The Channel Tunnel was first proposed in Napoleon’s times in 1802, by French engineer Albert Mathieu-Favier. He envisaged an oil-lamp lit underground roadway for horsedrawn carriages with a halfway point on a sandbank-turned-island. It was an idea controversial with the British, who feared for national security. Little could Matthieu have imagined that 186 years later construction would begin on a passenger and freight train connection that would become the world’s longest underwater tunnel and third longest railway tunnel.
But the Channel Tunnel’s 37.9 km could be knocked into a cocked hat, if a proposal to dig a transatlantic tunnel were to go ahead, covering the 3,400 km separating the UK and the USA.
Under, over or floating in the middle?
Astonishingly, a transatlantic “chunnel” is not a new idea. In fact, various suggestions have been made over the last century about how a transatlantic tunnel could be made a reality. One concept is a tunnel dug directly under the sea bed like the Anglo-French solution, which would take an estimated 300 years to drill, would need to pass through underwater mountains and rifts, and require anti-earthquake technology to survive.

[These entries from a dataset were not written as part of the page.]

(* Let $G$ be a tree. Then for every $n\ge 1$, $\mathrm{Sz}(\Gamma^G_n)=2\,W(\Gamma^G_n)$.
   Context: Let $G=(V,E)$ be a finite tree with vertex set $V$ of size $k$, and fix an orientation of each edge, so that each edge becomes an ordered pair $e=(s,t)$. Each oriented edge $e=(s,t)$ acts on the set $V^*$ of finite words over the alphabet $V$ by the recursive rule: $e(\emptyset)=\emptyset$, $e(sw)=t\,e(w)$, $e(tw)=sw$, and $e(xw)=xw$ for $x\in V\setminus\{s,t\}$ (words are read left to right, $w\in V^*$). This action preserves word length. For $n\ge 1$, the Schreier graph $\Gamma_n^G$ is the multigraph with vertex set $V^n$ having, for each $u\in V^n$ and each oriented edge $e$ of $G$, one edge joining $u$ and $e(u)$, labelled $e$ (a loop if $e(u)=u$). For a connected graph $H$, the Wiener index is $W(H)=\sum_{\{u,v\}}d_H(u,v)$ over unordered pairs of vertices. For vertices $u,v$, $n(u,v)$ is the number of vertices of $H$ strictly closer to $u$ than to $v$. The Szeged index is $\mathrm{Sz}(H)=\sum_{\{u,v\}}n(u,v)\,n(v,u)$, the sum over all non-loop edges $\{u,v\}$ of $H$, parallel edges counted with multiplicity (loops contribute nothing). *)

theory Defs
  imports Complex_Main
begin

definition und :: "('v \<times> 'v) set \<Rightarrow> ('v \<times> 'v) set" where
  "und E = {(x, y). (x, y) \<in> E \<or> (y, x) \<in> E}"

(* A finite tree with vertex set V, each edge oriented exactly one way:
   connected, and acyclic in the sense that every edge is a bridge
   (removing it disconnects its endpoints). *)
definition oriented_tree :: "'v set \<Rightarrow> ('v \<times> 'v) set \<Rightarrow> bool" where
  "oriented_tree V E \<longleftrightarrow>
     finite V \<and> V \<noteq> {} \<and> E \<subseteq> V \<times> V \<and>
     (\<forall>(s, t) \<in> E. s \<noteq> t \<and> (t, s) \<notin> E) \<and>
     (\<forall>x \<in> V. \<forall>y \<in> V. (x, y) \<in> (und E)\<^sup>*) \<and>
     (\<forall>(s, t) \<in> E. (s, t) \<notin> (und (E - {(s, t)}))\<^sup>*)"

fun act :: "'v \<times> 'v \<Rightarrow> 'v list \<Rightarrow> 'v list" where
  "act e [] = []"
| "act (s, t) (x # w) =
     (if x = s then t # act (s, t) w
      else if x = t then s # w
      else x # w)"

definition words :: "'v set \<Rightarrow> nat \<Rightarrow> 'v list set" where
  "words V n = {w. length w = n \<and> set w \<subseteq> V}"

(* Adjacency relation of the Schreier graph Gamma_n (ignoring multiplicities). *)
definition sch_adj :: "'v set \<Rightarrow> ('v \<times> 'v) set \<Rightarrow> nat \<Rightarrow> ('v list \<times> 'v list) set" where
  "sch_adj V E n = {(u, v). u \<in> words V n \<and> v \<in> words V n \<and>
                      (\<exists>e \<in> E. v = act e u \<or> u = act e v)}"

definition sch_dist :: "'v set \<Rightarrow> ('v \<times> 'v) set \<Rightarrow> nat \<Rightarrow> 'v list \<Rightarrow> 'v list \<Rightarrow> nat" where
  "sch_dist V E n u v = (LEAST k. (u, v) \<in> (sch_adj V E n) ^^ k)"

(* Wiener index: sum of distances over unordered pairs of distinct vertices,
   computed as half the sum over ordered pairs (distance is symmetric, d(u,u)=0). *)
definition wiener :: "'v set \<Rightarrow> ('v \<times> 'v) set \<Rightarrow> nat \<Rightarrow> real" where
  "wiener V E n = (\<Sum>u \<in> words V n. \<Sum>v \<in> words V n. real (sch_dist V E n u v)) / 2"

definition n_closer :: "'v set \<Rightarrow> ('v \<times> 'v) set \<Rightarrow> nat \<Rightarrow> 'v list \<Rightarrow> 'v list \<Rightarrow> nat" where
  "n_closer V E n u v = card {w \<in> words V n. sch_dist V E n w u < sch_dist V E n w v}"

(* Szeged index: sum over the non-loop edges of the multigraph Gamma_n; the edges
   are indexed by pairs (u, e) with u in V^n, e in E, joining u and e(u). *)
definition szeged :: "'v set \<Rightarrow> ('v \<times> 'v) set \<Rightarrow> nat \<Rightarrow> real" where
  "szeged V E n = (\<Sum>(u, e) \<in> {(u, e). u \<in> words V n \<and> e \<in> E \<and> act e u \<noteq> u}.
                      real (n_closer V E n u (act e u) * n_closer V E n (act e u) u))"

end

theory Submission
  imports Defs
begin

text \<open>The non-loop edges of \<open>\<Gamma>\<^sub>n\<close> labelled by a tree edge \<open>e\<close> form disjoint cycles of
  even length \<open>2 ^ j\<close>: on the longest prefix of a word made of endpoints of \<open>e\<close>, the action
  of \<open>e\<close> is the binary odometer. Retracting the letters of a word towards \<open>e\<close> along the tree
  projects every vertex onto each such cycle, and the graph distance is the sum, over all cycles,
  of the cyclic distances of the projections. Hence for an edge \<open>uv\<close> of a cycle \<open>C\<close>, a vertex
  is closer to \<open>u\<close> than to \<open>v\<close> iff its projection to \<open>C\<close> is, so \<open>n(u,v) n(v,u)\<close> counts the
  pairs \<open>(x, y)\<close> that the edge \<open>uv\<close> separates on \<open>C\<close>. On an even cycle, points at cyclic
  distance \<open>d\<close> are separated by exactly \<open>d\<close> of its edges, and summing over all edges of all
  cycles gives the sum of \<open>d(x, y)\<close> over all ordered pairs, that is \<open>2 W\<close>.\<close>

definition incident :: "'v \<times> 'v \<Rightarrow> 'v \<Rightarrow> bool" where
  "incident e x \<longleftrightarrow> x = fst e \<or> x = snd e"

lemma length_act [simp]: "length (act e w) = length w"
  by (induction e w rule: act.induct) auto

lemma set_act_subset: "set w \<subseteq> V \<Longrightarrow> fst e \<in> V \<Longrightarrow> snd e \<in> V \<Longrightarrow> set (act e w) \<subseteq> V"
  by (induction e w rule: act.induct) auto

lemma act_append:
  "act (s, t) (p @ q) = act (s, t) p @ (if list_all (\<lambda>x. x = s) p then act (s, t) q else q)"
  by (induction p) auto

lemma act_replicate: "act (s, t) (replicate j s) = replicate j t"
  by (induction j) auto

lemma act_moved_hd:
  "act (s, t) q \<noteq> q \<Longrightarrow>
     q \<noteq> [] \<and> (hd q = s \<or> hd q = t) \<and> (hd (act (s, t) q) = s \<or> hd (act (s, t) q) = t)"
  by (cases q) (auto split: if_splits)

lemma act_Cons_incident_moved: "incident f x \<Longrightarrow> fst f \<noteq> snd f \<Longrightarrow> act f (x # xs) \<noteq> x # xs"
  by (cases f) (auto simp: incident_def)

lemma list_all_incident_act:
  "list_all (incident (s, t)) (act (s, t) p) = list_all (incident (s, t)) p"
  by (induction p) (auto simp: incident_def)

text \<open>Little-endian binary numerals, the digit 1 written as \<open>fst e\<close> and 0 as \<open>snd e\<close>:
  on such words \<open>act e\<close> is the odometer, adding 1 modulo \<open>2 ^ j\<close>.\<close>

fun bin_val :: "'v \<times> 'v \<Rightarrow> 'v list \<Rightarrow> nat" where
  "bin_val e [] = 0"
| "bin_val e (a # p) = (if a = fst e then 1 else 0) + 2 * bin_val e p"

fun bin_word :: "'v \<times> 'v \<Rightarrow> nat \<Rightarrow> nat \<Rightarrow> 'v list" where
  "bin_word e 0 r = []"
| "bin_word e (Suc j) r = (if odd r then fst e else snd e) # bin_word e j (r div 2)"

lemma length_bin_word [simp]: "length (bin_word e j r) = j"
  by (induction j arbitrary: r) auto

lemma list_all_incident_bin_word: "list_all (incident e) (bin_word e j r)"
  by (induction j arbitrary: r) (auto simp: incident_def)

lemma set_bin_word: "set (bin_word e j r) \<subseteq> {fst e, snd e}"
  by (induction j arbitrary: r) auto

lemma bin_val_less: "bin_val e p < 2 ^ length p"
  by (induction p) auto

lemma bin_val_bin_word: "fst e \<noteq> snd e \<Longrightarrow> r < 2 ^ j \<Longrightarrow> bin_val e (bin_word e j r) = r"
proof (induction j arbitrary: r)
  case (Suc j)
  then have "r div 2 < 2 ^ j" by auto
  with Suc show ?case by auto
qed simp

lemma bin_word_bin_val: "list_all (incident e) p \<Longrightarrow> bin_word e (length p) (bin_val e p) = p"
  by (induction p) (auto simp: incident_def)

lemma bin_val_inj:
  "list_all (incident e) p \<Longrightarrow> list_all (incident e) p' \<Longrightarrow> length p = length p' \<Longrightarrow>
     bin_val e p = bin_val e p' \<Longrightarrow> p = p'"
  by (metis bin_word_bin_val)

lemma act_bin_word:
  assumes "s \<noteq> t" "r < 2 ^ j" "z = [] \<or> (hd z \<noteq> s \<and> hd z \<noteq> t)"
  shows "act (s, t) (bin_word (s, t) j r @ z) = bin_word (s, t) j (Suc r mod 2 ^ j) @ z"
  using assms(2)
proof (induction j arbitrary: r)
  case 0
  then show ?case using assms by (cases z) auto
next
  case (Suc j)
  show ?case
  proof (cases "odd r")
    case True
    have "r div 2 < 2 ^ j" using Suc.prems by auto
    moreover have "Suc r mod 2 ^ Suc j = 2 * (Suc (r div 2) mod 2 ^ j)"
    proof -
      have "Suc r = 2 * Suc (r div 2)" using True by presburger
      then show ?thesis by (simp add: mult_mod_right)
    qed
    ultimately show ?thesis using True Suc.IH assms(1) by simp
  next
    case False
    then have "Suc r \<noteq> 2 ^ Suc j" by (metis even_Suc even_numeral even_power zero_less_Suc)
    then have "Suc r mod 2 ^ Suc j = Suc r" using Suc.prems by simp
    moreover have "Suc r div 2 = r div 2" using False by presburger
    ultimately show ?thesis using False assms(1) by simp
  qed
qed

A tunnel that sits on the ocean floor, like the San Francisco BART, is a second possibility, except that the pressure at the Atlantic’s depths is 500 times that at the surface. Another proposal is a bridge-like tube in the air, above the sea. But the complications this might cause for shipping are huge.
Some say that an option falling somewhere in between would be a floating tunnel constructed from prefabricated sections and cables and sitting around 50 metres below the sea’s surface – that would allow trains to pass through, not be subject to the deadly pressure of the deep seas, and not interfere with shipping or be at the mercy of surface weather conditions.
Jets or electromagnets?
And how would the “shuttles” be propelled? Some say jet propulsion could work, leading to talk of London to New York commutes being doable in under an hour. However, after reaching top speeds the vehicle would need an estimated 18 minutes to decelerate.

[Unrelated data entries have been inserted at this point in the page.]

lemma set_S_seq: "set (S_seq n i) = {x \<in> bitstrings n. weight x = i}"
  and sorted_S_seq: "sorted_wrt (<) (S_seq n i)"
proof -
  have "finite {x \<in> bitstrings n. weight x = i}"
    using finite_bool_lists_length_eq[of n "\<lambda>x. weight x = i"] by (simp add: bitstrings_def)
  then show "set (S_seq n i) = {x \<in> bitstrings n. weight x = i}" "sorted_wrt (<) (S_seq n i)"
    by (simp_all add: S_seq_eq_sorted_list_of_set)
qed

lemma sorted_wrt_precedes_Sn:
  assumes "even n"
  shows "sorted_wrt precedes (Sn n)"
proof -
  have odd_part: "sorted_wrt precedes (concat (map (\<lambda>j. R_seq n (2 * j + 1)) [0..<n div 2]))"
  proof (rule sorted_wrt_concat_map_upt)
    fix j
    show "sorted_wrt precedes (R_seq n (2 * j + 1))"
      unfolding R_seq_def sorted_wrt_rev
      by (rule sorted_wrt_mono_rel[OF _ sorted_S_seq]) (auto simp: set_S_seq precedes_def)
  qed (auto simp: R_seq_def set_S_seq precedes_def)
  have even_part: "sorted_wrt precedes (concat (map (\<lambda>j. S_seq n (n - 2 * j)) [0..<n div 2 + 1]))"
  proof (rule sorted_wrt_concat_map_upt)
    fix j
    show "sorted_wrt precedes (S_seq n (n - 2 * j))"
      by (rule sorted_wrt_mono_rel[OF _ sorted_S_seq])
        (use assms in \<open>auto simp: set_S_seq precedes_def\<close>)
  qed (use assms in \<open>auto simp: set_S_seq precedes_def\<close>)
  have "precedes a b"
    if "a \<in> set (concat (map (\<lambda>j. R_seq n (2 * j + 1)) [0..<n div 2]))"
      and "b \<in> set (concat (map (\<lambda>j. S_seq n (n - 2 * j)) [0..<n div 2 + 1]))" for a b
    using that assms by (auto simp: R_seq_def set_S_seq precedes_def)
  with odd_part even_part assms show ?thesis
    unfolding Sn_def by (simp add: sorted_wrt_append)
qed

lemma set_Sn:
  assumes "even n"
  shows "set (Sn n) = bitstrings n"
proof
  show "set (Sn n) \<subseteq> bitstrings n"
    unfolding Sn_def using assms by (auto simp: R_seq_def set_S_seq)
next
  show "bitstrings n \<subseteq> set (Sn n)"
  proof
    fix x assume x: "x \<in> bitstrings n"
    then have le: "weight x \<le> n"
      using weight_le_length[of x] by (simp add: bitstrings_def)
    show "x \<in> set (Sn n)"
    proof (cases "odd (weight x)")
      case True
      then obtain j where j: "weight x = 2 * j + 1" by (metis oddE)
      with le assms have "j < n div 2" by presburger
      with assms x j show ?thesis
        unfolding Sn_def by (auto simp: R_seq_def set_S_seq intro!: bexI[of _ j])
    next
      case False
      with le assms have "weight x = n - 2 * ((n - weight x) div 2)" "(n - weight x) div 2 < n div 2 + 1"
        by presburger+
      with assms x show ?thesis
        unfolding Sn_def by (auto simp: set_S_seq intro!: bexI[of _ "(n - weight x) div 2"])
    qed
  qed
qed

lemma distinct_if_sorted_wrt_irrefl:
  assumes "sorted_wrt P xs" and "\<And>a. \<not> P a a"
  shows "distinct xs"
  using assms by (induction xs) auto

lemma card_predecessors_sorted_wrt:
  assumes sorted: "sorted_wrt P xs" and asym: "\<And>a b. P a b \<Longrightarrow> \<not> P b a" and i: "i < length xs"
  shows "card {y \<in> set xs. P y (xs ! i)} = i"
proof -
  have pred_iff: "P (xs ! j) (xs ! i) \<longleftrightarrow> j < i" if "j < length xs" for j
    using sorted that i asym by (metis linorder_neq_iff sorted_wrt_nth_less)
  have "{y \<in> set xs. P y (xs ! i)} = (\<lambda>j. xs ! j) ` {..<i}"
  proof (intro set_eqI iffI)
    fix y assume "y \<in> {y \<in> set xs. P y (xs ! i)}"
    then obtain j where "j < length xs" "y = xs ! j" "P y (xs ! i)"
      by (auto simp: in_set_conv_nth)
    then show "y \<in> (\<lambda>j. xs ! j) ` {..<i}"
      using pred_iff by blast
  next
    fix y assume "y \<in> (\<lambda>j. xs ! j) ` {..<i}"
    then show "y \<in> {y \<in> set xs. P y (xs ! i)}"
      using pred_iff i by auto
  qed
  moreover have "inj_on (\<lambda>j. xs ! j) {..<i}"
  proof -
    have "distinct xs"
      using distinct_if_sorted_wrt_irrefl sorted asym by blast
    then show ?thesis
      using i by (simp add: inj_on_def nth_eq_iff_index_eq)
  qed
  ultimately show ?thesis
    by (simp add: card_image)
qed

Meanwhile, Elon Musk is a proponent of so-called maglev systems, where rolling stock is levitated by electromagnets to eliminate friction and so reach speeds of up to hundreds of kilometres per hour – but so far no maglev innovations of any significant length exist. The world’s longest so far is the Shanghai Maglev: covering 30 km in around 8 minutes, prior to 2021 it held the record for fastest train service in commercial operation with a top speed recorded at 431 km/h.
Given the logistics and above all the costs involved – an estimated 18.8 trillion euros – a transatlantic tunnel is not an idea with any political legs in the immediate future, but like Albert Matthieu, we can dream.